To conservatives who rallied behind Cheney, these same minority groups had finally “hijacked” the national story. The price of a misguided effort at inclusion was a fragmented and incoherent history curriculum. Opponents of the standards could then lump questions of history teaching into a broader assessment of that misbegotten decade. That assessment, still with us today, is captured succinctly by a promotional line for Woods’s Politically Incorrect Guide, posted on his publisher’s website: “[T]he liberalism of the 1960s discouraged all the right things and encouraged all the wrong ones.”

While ideal for shouting matches, FitzGerald’s argument repeatedly stymies what might be more productive exchanges. Take the strange case of Crispus Attucks. Attucks was a sailor of mixed race, partly African and likely part Indian as well, who died at the hands of British soldiers in the Boston Massacre.
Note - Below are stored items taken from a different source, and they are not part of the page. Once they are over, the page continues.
(* Let $n\ge 1$, let $e,f$ be scalars, and let $A,B,C,D,M$ be $n\times n$ matrices. Then $d_{C,D}(M)-d_{A,B}(M)\le 1$ in each of the following cases: (1) $A=C$, $B=Z_e$, $D=Z_f$; (2) $A=C$, $B=Z_e^T$, $D=Z_f^T$; (3) $B=D$, $A=Z_e$, $C=Z_f$; (4) $B=D$, $A=Z_e^T$, $C=Z_f^T$.
   Context: For a scalar $f$, $Z_f$ denotes the $n\times n$ matrix of $f$-circular shift: $Z_f=\begin{pmatrix}\mathbf 0^T & f\\ I_{n-1} & \mathbf 0\end{pmatrix}$ (ones on the first subdiagonal, $f$ in the upper right corner, zeros elsewhere). For matrices $A,B,M$ of compatible sizes, the (Sylvester) displacement rank of $M$ with respect to the operator pair $(A,B)$ is $d_{A,B}(M)=\operatorname{rank}(AM-MB)$. *)

theory Defs
  imports "Jordan_Normal_Form.DL_Rank"
begin

definition shift_mat :: "nat \<Rightarrow> 'a::field \<Rightarrow> 'a mat" where
  "shift_mat n f = mat n n (\<lambda>(i, j). if i = Suc j then 1
                                      else if i = 0 \<and> j = n - 1 then f else 0)"

definition disp_rank :: "nat \<Rightarrow> 'a::field mat \<Rightarrow> 'a mat \<Rightarrow> 'a mat \<Rightarrow> nat" where
  "disp_rank n A B M = vec_space.rank n (A * M - M * B)"

end

theory Submission
  imports Defs
begin

text \<open>Changing the shift parameter perturbs the displacement operator by a matrix whose entries
  factor as \<open>p i * q j\<close>: with \<open>A\<close> fixed, \<open>(A M - M Z\<^sub>f) - (A M - M Z\<^sub>e) = M (Z\<^sub>e - Z\<^sub>f)\<close>, and
  \<open>Z\<^sub>e - Z\<^sub>f\<close> has a single nonzero entry in its corner. Such outer-product matrices stay
  outer products under multiplication by \<open>M\<close> on either side and have rank at most one, so
  subadditivity of rank bounds the change of the displacement rank by one. The transposed
  shifts and the left-hand operator are handled symmetrically.\<close>

definition is_outer_product :: "'a::comm_ring_1 mat \<Rightarrow> bool" where
  "is_outer_product X \<longleftrightarrow>
     (\<exists>p q. \<forall>i<dim_row X. \<forall>j<dim_col X. X $$ (i, j) = p i * q j)"

lemma rank_le_1_if_outer_product:
  fixes X :: "'a::field mat"
  assumes "X \<in> carrier_mat n nc" and "is_outer_product X"
  shows "vec_space.rank n X \<le> 1"
  using assms vec_space.rank_le_1_product_entries unfolding is_outer_product_def by metis

lemma is_outer_product_transpose:
  assumes "is_outer_product X"
  shows "is_outer_product (transpose_mat X)"
proof -
  obtain p q where X: "\<And>i j. i < dim_row X \<Longrightarrow> j < dim_col X \<Longrightarrow> X $$ (i, j) = p i * q j"
    using assms unfolding is_outer_product_def by blast
  have "\<forall>i<dim_col X. \<forall>j<dim_row X. X $$ (j, i) = q i * p j"
    by (simp add: X mult.commute)
  then show ?thesis unfolding is_outer_product_def by auto
qed

lemma is_outer_product_mult_left:
  fixes M X :: "'a::comm_ring_1 mat"
  assumes M: "M \<in> carrier_mat m n" and X: "X \<in> carrier_mat n k" and "is_outer_product X"
  shows "is_outer_product (M * X)"
proof -
  obtain p q where pq: "\<And>i j. i < n \<Longrightarrow> j < k \<Longrightarrow> X $$ (i, j) = p i * q j"
    using assms(3) X unfolding is_outer_product_def by auto
  have "(M * X) $$ (i, j) = (\<Sum>l<n. M $$ (i, l) * p l) * q j" if "i < m" "j < k" for i j
  proof -
    have "(M * X) $$ (i, j) = (\<Sum>l<n. M $$ (i, l) * (p l * q j))"
      using M X that by (simp add: scalar_prod_def lessThan_atLeast0 pq)
    then show ?thesis by (simp add: sum_distrib_right mult.assoc)
  qed
  then show ?thesis using M X unfolding is_outer_product_def by auto
qed

lemma is_outer_product_mult_right:
  fixes M X :: "'a::comm_ring_1 mat"
  assumes X: "X \<in> carrier_mat m n" and M: "M \<in> carrier_mat n k" and "is_outer_product X"
  shows "is_outer_product (X * M)"
proof -
  obtain p q where pq: "\<And>i j. i < m \<Longrightarrow> j < n \<Longrightarrow> X $$ (i, j) = p i * q j"
    using assms(3) X unfolding is_outer_product_def by auto
  have "(X * M) $$ (i, j) = p i * (\<Sum>l<n. q l * M $$ (l, j))" if "i < m" "j < k" for i j
  proof -
    have "(X * M) $$ (i, j) = (\<Sum>l<n. p i * q l * M $$ (l, j))"
      using M X that by (simp add: scalar_prod_def lessThan_atLeast0 pq)
    then show ?thesis by (simp add: sum_distrib_left mult.assoc)
  qed
  then show ?thesis using M X unfolding is_outer_product_def by auto
qed

lemma is_outer_product_shift_mat_diff:
  "is_outer_product (shift_mat n f - shift_mat n e)"
proof -
  have dims: "dim_row (shift_mat n f - shift_mat n e) = n" "dim_col (shift_mat n f - shift_mat n e) = n"
    by (simp_all add: shift_mat_def)
  have entry: "(shift_mat n f - shift_mat n e) $$ (i, j)
          = (if i = 0 then f - e else 0) * (if j = n - 1 then 1 else 0)" if "i < n" "j < n" for i j
    using that unfolding shift_mat_def by auto
  show ?thesis unfolding is_outer_product_def dims
    by (intro exI[of _ "\<lambda>i. if i = 0 then f - e else 0"] exI[of _ "\<lambda>j. if j = n - 1 then 1 else 0"]
        allI impI entry)
qed

lemma is_outer_product_transpose_shift_mat_diff:
  "is_outer_product (transpose_mat (shift_mat n f) - transpose_mat (shift_mat n e))"
proof -
  have "transpose_mat (shift_mat n f) - transpose_mat (shift_mat n e)
          = transpose_mat (shift_mat n f - shift_mat n e)"
    by (intro eq_matI) (simp_all add: shift_mat_def)
  then show ?thesis
    using is_outer_product_transpose[OF is_outer_product_shift_mat_diff] by simp
qed

lemma rank_diff_le_rank_minus:
  fixes X Y :: "'a::field mat"
  assumes X: "X \<in> carrier_mat n nc" and Y: "Y \<in> carrier_mat n nc"
  shows "int (vec_space.rank n Y) - int (vec_space.rank n X) \<le> int (vec_space.rank n (Y - X))"
proof -
  have YX: "Y - X \<in> carrier_mat n nc" using X Y by auto
  have "vec_space.rank n (X + (Y - X)) \<le> vec_space.rank n X + vec_space.rank n (Y - X)"
    by (rule vec_space.rank_subadditive[OF X YX])
  moreover have "X + (Y - X) = Y" using X Y by (intro eq_matI) auto
  ultimately show ?thesis by simp
qed

lemma disp_rank_diff_le_1:
  fixes A B C D M :: "'a::field mat"
  assumes "A \<in> carrier_mat n n" "B \<in> carrier_mat n n" "C \<in> carrier_mat n n"
    "D \<in> carrier_mat n n" "M \<in> carrier_mat n n"
    and "is_outer_product ((C * M - M * D) - (A * M - M * B))"
  shows "int (disp_rank n C D M) - int (disp_rank n A B M) \<le> 1"
proof -
  have AB: "A * M - M * B \<in> carrier_mat n n" and CD: "C * M - M * D \<in> carrier_mat n n"
    using assms by auto
  have "vec_space.rank n ((C * M - M * D) - (A * M - M * B)) \<le> 1"
    by (rule rank_le_1_if_outer_product[OF minus_carrier_mat[OF AB] assms(6)])
  then show ?thesis
    using rank_diff_le_rank_minus[OF AB CD] unfolding disp_rank_def by linarith
qed

lemma disp_rank_change_right_le_1:
  fixes A B D M :: "'a::field mat"
  assumes A: "A \<in> carrier_mat n n" and B: "B \<in> carrier_mat n n"
    and D: "D \<in> carrier_mat n n" and M: "M \<in> carrier_mat n n"
    and "is_outer_product (B - D)"
  shows "int (disp_rank n A D M) - int (disp_rank n A B M) \<le> 1"
proof (rule disp_rank_diff_le_1[OF A B A D M])
  have "(A * M - M * D) - (A * M - M * B) = M * (B - D)"
    using A B D M by (intro eq_matI) (auto simp: mult_minus_distrib_mat[OF M B D] algebra_simps)
  then show "is_outer_product ((A * M - M * D) - (A * M - M * B))"
    using is_outer_product_mult_left[OF M minus_carrier_mat[OF D] assms(5)] by simp
qed

lemma disp_rank_change_left_le_1:
  fixes A B C M :: "'a::field mat"
  assumes A: "A \<in> carrier_mat n n" and B: "B \<in> carrier_mat n n"
    and C: "C \<in> carrier_mat n n" and M: "M \<in> carrier_mat n n"
    and "is_outer_product (C - A)"
  shows "int (disp_rank n C B M) - int (disp_rank n A B M) \<le> 1"
proof (rule disp_rank_diff_le_1[OF A B C B M])
  have "(C * M - M * B) - (A * M - M * B) = (C - A) * M"
    using A B C M by (intro eq_matI) (auto simp: minus_mult_distrib_mat[OF C A M] algebra_simps)
  then show "is_outer_product ((C * M - M * B) - (A * M - M * B))"
    using is_outer_product_mult_right[OF minus_carrier_mat[OF A] M assms(5)] by simp
qed

theorem theorem3p2:
  fixes e f :: "'a::field" and A B C D M :: "'a mat" and n :: nat
  assumes "n \<ge> 1"
    and "A \<in> carrier_mat n n" and "B \<in> carrier_mat n n" and "C \<in> carrier_mat n n"
    and "D \<in> carrier_mat n n" and "M \<in> carrier_mat n n"
  shows "(A = C \<and> B = shift_mat n e \<and> D = shift_mat n f
            \<longrightarrow> int (disp_rank n C D M) - int (disp_rank n A B M) \<le> 1)
       \<and> (A = C \<and> B = transpose_mat (shift_mat n e) \<and> D = transpose_mat (shift_mat n f)
            \<longrightarrow> int (disp_rank n C D M) - int (disp_rank n A B M) \<le> 1)
       \<and> (B = D \<and> A = shift_mat n e \<and> C = shift_mat n f
            \<longrightarrow> int (disp_rank n C D M) - int (disp_rank n A B M) \<le> 1)
       \<and> (B = D \<and> A = transpose_mat (shift_mat n e) \<and> C = transpose_mat (shift_mat n f)
            \<longrightarrow> int (disp_rank n C D M) - int (disp_rank n A B M) \<le> 1)"
proof (intro conjI impI)
  assume "A = C \<and> B = shift_mat n e \<and> D = shift_mat n f"
  then show "int (disp_rank n C D M) - int (disp_rank n A B M) \<le> 1"
    using disp_rank_change_right_le_1[OF assms(2,3,5,6)]
      is_outer_product_shift_mat_diff[of n e f] by simp
next
  assume "A = C \<and> B = transpose_mat (shift_mat n e) \<and> D = transpose_mat (shift_mat n f)"
  then show "int (disp_rank n C D M) - int (disp_rank n A B M) \<le> 1"
    using disp_rank_change_right_le_1[OF assms(2,3,5,6)]
      is_outer_product_transpose_shift_mat_diff[of n e f] by simp
next
  assume "B = D \<and> A = shift_mat n e \<and> C = shift_mat n f"
  then show "int (disp_rank n C D M) - int (disp_rank n A B M) \<le> 1"
    using disp_rank_change_left_le_1[OF assms(2,3,4,6)]
      is_outer_product_shift_mat_diff[of n f e] by simp
next
  assume "B = D \<and> A = transpose_mat (shift_mat n e) \<and> C = transpose_mat (shift_mat n f)"
  then show "int (disp_rank n C D M) - int (disp_rank n A B M) \<le> 1"
    using disp_rank_change_left_le_1[OF assms(2,3,4,6)]
      is_outer_product_transpose_shift_mat_diff[of n f e] by simp
qed

end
For some people who have spotted him in textbooks in recent decades, he has become a prime example of “history by quota,” an inconsequential figure tacked on to the national story to please multiculturalists. True, Attucks did make his textbook appearance in the ’70s. But it was the 1870s. He had a prominent place in a widely read text of the era, the Young Folks’ History of the United States by Thomas Wentworth Higginson, former abolitionist, confidante of John Brown, and commander of the first regiment of African-American soldiers in the Civil War.
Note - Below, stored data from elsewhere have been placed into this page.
(* Let $d\ge1$, $s_1\ge0$, $s_2\le0$, $\alpha>0$, $\beta>0$, and $g\in L^2(\mathbb{T}^d;\mathbb{C})$; set $\tilde g=g-\frac{1}{|\mathbb{T}^d|}\int_{\mathbb{T}^d}g\,dx$. Consider $$I(u,v)=\frac12\|(-\Delta)^{s_1/2}u\|^2+\frac\alpha2\|u+v-g\|^2+\frac\beta2\|R_{s_2/2}(v)\|^2$$ for $u\in H^{s_1}_0(\mathbb{T}^d;\mathbb{C})$, $v\in\dot H^{s_2}(\mathbb{T}^d;\mathbb{C})\cap L^2_0(\mathbb{T}^d;\mathbb{C})$. Then there exist $\tilde u\in H^{s_1}_0(\mathbb{T}^d;\mathbb{C})$ and $v\in\dot H^{s_2}(\mathbb{T}^d;\mathbb{C})\cap L^2_0(\mathbb{T}^d;\mathbb{C})$ such that $(\tilde u,v)$ minimizes $I$. Moreover, $u:=\tilde u+\frac{1}{|\mathbb{T}^d|}\int_{\mathbb{T}^d}g\,dx$ and $v$ satisfy $$\int_{\mathbb{T}^d}(u(x)-g(x))\,dx=\int_{\mathbb{T}^d}v(x)\,dx=0,$$ and the solution pair $(u,v)$ is unique.
   Context: $\mathbb{T}^d=\mathbb{R}^d/(2\pi\mathbb{Z})^d$, $\|\cdot\|$ is the $L^2(\mathbb{T}^d;\mathbb{C})$ norm, $L^2_0$ the zero-mean subspace. $\hat u_k=\int_{\mathbb{T}^d}u\,e^{-ik\cdot x}dx$. Fractional Laplacian: $(-\Delta)^\sigma u=(2\pi)^{-d}\sum_{k}|k|^{2\sigma}\hat u_ke^{ik\cdot x}$; Riesz potential for $\sigma\le0$: $R_\sigma(u)=(2\pi)^{-d}\sum_{k\ne0}|k|^{2\sigma}\hat u_ke^{ik\cdot x}$. For $\sigma\ge0$, $H^\sigma_0=\{u\in L^2_0:\sum_{k\ne0}|k|^{2\sigma}|\hat u_k|^2<\infty\}$; for $\sigma<0$, $\dot H^\sigma$ is the completion of $L^2_0$ with respect to the norm $(\sum_{k\ne0}|k|^{2\sigma}|\hat u_k|^2)^{1/2}$. *)

theory Defs
  imports "HOL-Analysis.Analysis"
begin
lemma anorm_Ac_triangle:
  assumes "fun_in_Ac u" "fun_in_Ac v" "Bc F" "Bc G"
  shows "anorm (\<lambda>x y. intg_fun u x y - intg_fun v x y)
    \<le> anorm (\<lambda>x y. intg_fun u x y - intg_prim F x y) + anorm (\<lambda>x y. intg_prim F x y - intg_prim G x y)
      + anorm (\<lambda>x y. intg_fun v x y - intg_prim G x y)"
proof -
  obtain Ku Kv KF KG where
    "\<And>x y. x < y \<Longrightarrow> \<bar>intg_fun u x y\<bar> \<le> Ku" "\<And>x y. x < y \<Longrightarrow> \<bar>intg_fun v x y\<bar> \<le> Kv"
    "\<And>x y. \<bar>intg_prim F x y\<bar> \<le> KF" "\<And>x y. \<bar>intg_prim G x y\<bar> \<le> KG"
    using intg_fun_bounded intg_prim_bounded assms by metis
  then have "anorm (\<lambda>x y. intg_fun u x y - intg_fun v x y)
      \<le> anorm (\<lambda>x y. intg_fun u x y - intg_prim F x y) + anorm (\<lambda>x y. intg_prim F x y - intg_fun v x y)"
    and "anorm (\<lambda>x y. intg_prim F x y - intg_fun v x y)
      \<le> anorm (\<lambda>x y. intg_prim F x y - intg_prim G x y) + anorm (\<lambda>x y. intg_prim G x y - intg_fun v x y)"
    by (intro anorm_triangle; blast)+
  then show ?thesis
    by (simp add: anorm_minus_commute[of "intg_prim G"])
qed

lemma eventually_anorm_diff_less:
  fixes u v :: "real \<Rightarrow> real \<Rightarrow> real"
  assumes "Bc F" "Bc G" and \<epsilon>: "\<epsilon> > 0"
    and Ac: "\<And>t. t > 0 \<Longrightarrow> fun_in_Ac (\<lambda>x. u x t)" "\<And>t. t > 0 \<Longrightarrow> fun_in_Ac (\<lambda>x. v x t)"
    and u: "((\<lambda>t. anorm (\<lambda>x y. intg_fun (\<lambda>\<xi>. u \<xi> t) x y - intg_prim F x y)) \<longlongrightarrow> 0) (at_right 0)"
    and v: "((\<lambda>t. anorm (\<lambda>x y. intg_fun (\<lambda>\<xi>. v \<xi> t) x y - intg_prim G x y)) \<longlongrightarrow> 0) (at_right 0)"
    and FG: "anorm (\<lambda>x y. intg_prim F x y - intg_prim G x y) < \<epsilon>"
  shows "\<forall>\<^sub>F t in at_right 0.
    anorm (\<lambda>x y. intg_fun (\<lambda>\<xi>. u \<xi> t) x y - intg_fun (\<lambda>\<xi>. v \<xi> t) x y) < 2 * \<epsilon>"
proof -
  have "\<forall>\<^sub>F t in at_right 0. anorm (\<lambda>x y. intg_fun (\<lambda>\<xi>. u \<xi> t) x y - intg_prim F x y) < \<epsilon> / 2"
    by (rule order_tendstoD(2)[OF u]) (use \<epsilon> in simp)
  moreover have "\<forall>\<^sub>F t in at_right 0. anorm (\<lambda>x y. intg_fun (\<lambda>\<xi>. v \<xi> t) x y - intg_prim G x y) < \<epsilon> / 2"
    by (rule order_tendstoD(2)[OF v]) (use \<epsilon> in simp)
  moreover note eventually_at_right_less[of "0::real"]
  ultimately show ?thesis
  proof eventually_elim
    case (elim t)
    with Ac[of t] anorm_Ac_triangle[of "\<lambda>x. u x t" "\<lambda>x. v x t", OF _ _ assms(1,2)] FG show ?case
      by auto
  qed
qed

theorem corollary3p3:
  fixes F G :: "real \<Rightarrow> real"
  assumes "Bc F" and "Bc G"
  shows "(\<forall>t>0. fun_in_Ac (conv_heat F t) \<and> fun_in_Ac (conv_heat G t) \<and>
            anorm (\<lambda>x y. intg_fun (conv_heat F t) x y - intg_fun (conv_heat G t) x y)
              \<le> anorm (\<lambda>x y. intg_prim F x y - intg_prim G x y))
       \<and> (\<forall>(\<epsilon>::real) (u::real \<Rightarrow> real \<Rightarrow> real) (v::real \<Rightarrow> real \<Rightarrow> real).
            \<epsilon> > 0
            \<and> (\<forall>t>0. fun_in_Ac (\<lambda>x. u x t) \<and> fun_in_Ac (\<lambda>x. v x t))
            \<and> ((\<lambda>t. anorm (\<lambda>x y. intg_fun (\<lambda>\<xi>. u \<xi> t) x y - intg_prim F x y)) \<longlongrightarrow> 0) (at_right 0)
            \<and> ((\<lambda>t. anorm (\<lambda>x y. intg_fun (\<lambda>\<xi>. v \<xi> t) x y - intg_prim G x y)) \<longlongrightarrow> 0) (at_right 0)
            \<and> anorm (\<lambda>x y. intg_prim F x y - intg_prim G x y) < \<epsilon>
            \<longrightarrow> (\<forall>\<^sub>F t in at_right 0.
                   anorm (\<lambda>x y. intg_fun (\<lambda>\<xi>. u \<xi> t) x y - intg_fun (\<lambda>\<xi>. v \<xi> t) x y) < 2 * \<epsilon>))"
proof (intro conjI allI impI)
  fix t :: real assume "t > 0"
  then show "fun_in_Ac (conv_heat F t)" "fun_in_Ac (conv_heat G t)"
    and "anorm (\<lambda>x y. intg_fun (conv_heat F t) x y - intg_fun (conv_heat G t) x y)
      \<le> anorm (\<lambda>x y. intg_prim F x y - intg_prim G x y)"
    using fun_Ac_prim_conv_heat anorm_conv_heat_diff_le assms by (auto simp: fun_in_Ac_def)
next
  fix \<epsilon> :: real and u v :: "real \<Rightarrow> real \<Rightarrow> real"
  assume "\<epsilon> > 0
            \<and> (\<forall>t>0. fun_in_Ac (\<lambda>x. u x t) \<and> fun_in_Ac (\<lambda>x. v x t))
            \<and> ((\<lambda>t. anorm (\<lambda>x y. intg_fun (\<lambda>\<xi>. u \<xi> t) x y - intg_prim F x y)) \<longlongrightarrow> 0) (at_right 0)
            \<and> ((\<lambda>t. anorm (\<lambda>x y. intg_fun (\<lambda>\<xi>. v \<xi> t) x y - intg_prim G x y)) \<longlongrightarrow> 0) (at_right 0)
            \<and> anorm (\<lambda>x y. intg_prim F x y - intg_prim G x y) < \<epsilon>"
  then show "\<forall>\<^sub>F t in at_right 0.
      anorm (\<lambda>x y. intg_fun (\<lambda>\<xi>. u \<xi> t) x y - intg_fun (\<lambda>\<xi>. v \<xi> t) x y) < 2 * \<epsilon>"
    by (intro eventually_anorm_diff_less[OF assms]) auto
qed

end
While used in New England and much of the North, Higginson’s book was hardly emblematic of an agreed-upon view of the past. In fact, books like it inspired White Southerners, among them the former vice president of the Confederacy, to write their own histories for students in the South. They created a sub-market that, like the Catholic one, persisted for decades. Regional cleavages became as deep as denominational ones.

To argue the legitimacy of putting Attucks into history books, we have to understand the social and political forces that once took him out.

The point here is not that nothing has changed. The context for disputes over history teaching shifted significantly from the 1870s to the 1960s to the present, and that evolution has much to teach us. But what has persisted, particularly in the last twenty years, is the tendency to frame discussions of the curriculum with champions of a hoary, “traditional” history on one side and “revisionists” on the other. Bereft of a more nuanced understanding of how Americans have understood and taught their past, we endlessly circle around a mythical version of the 1960s and all the change those years are said to have wrought.

Perhaps a variation on George Santayana’s much overused dictum is appropriate. Those who do not learn from the history wars of the past are condemned to repeat them.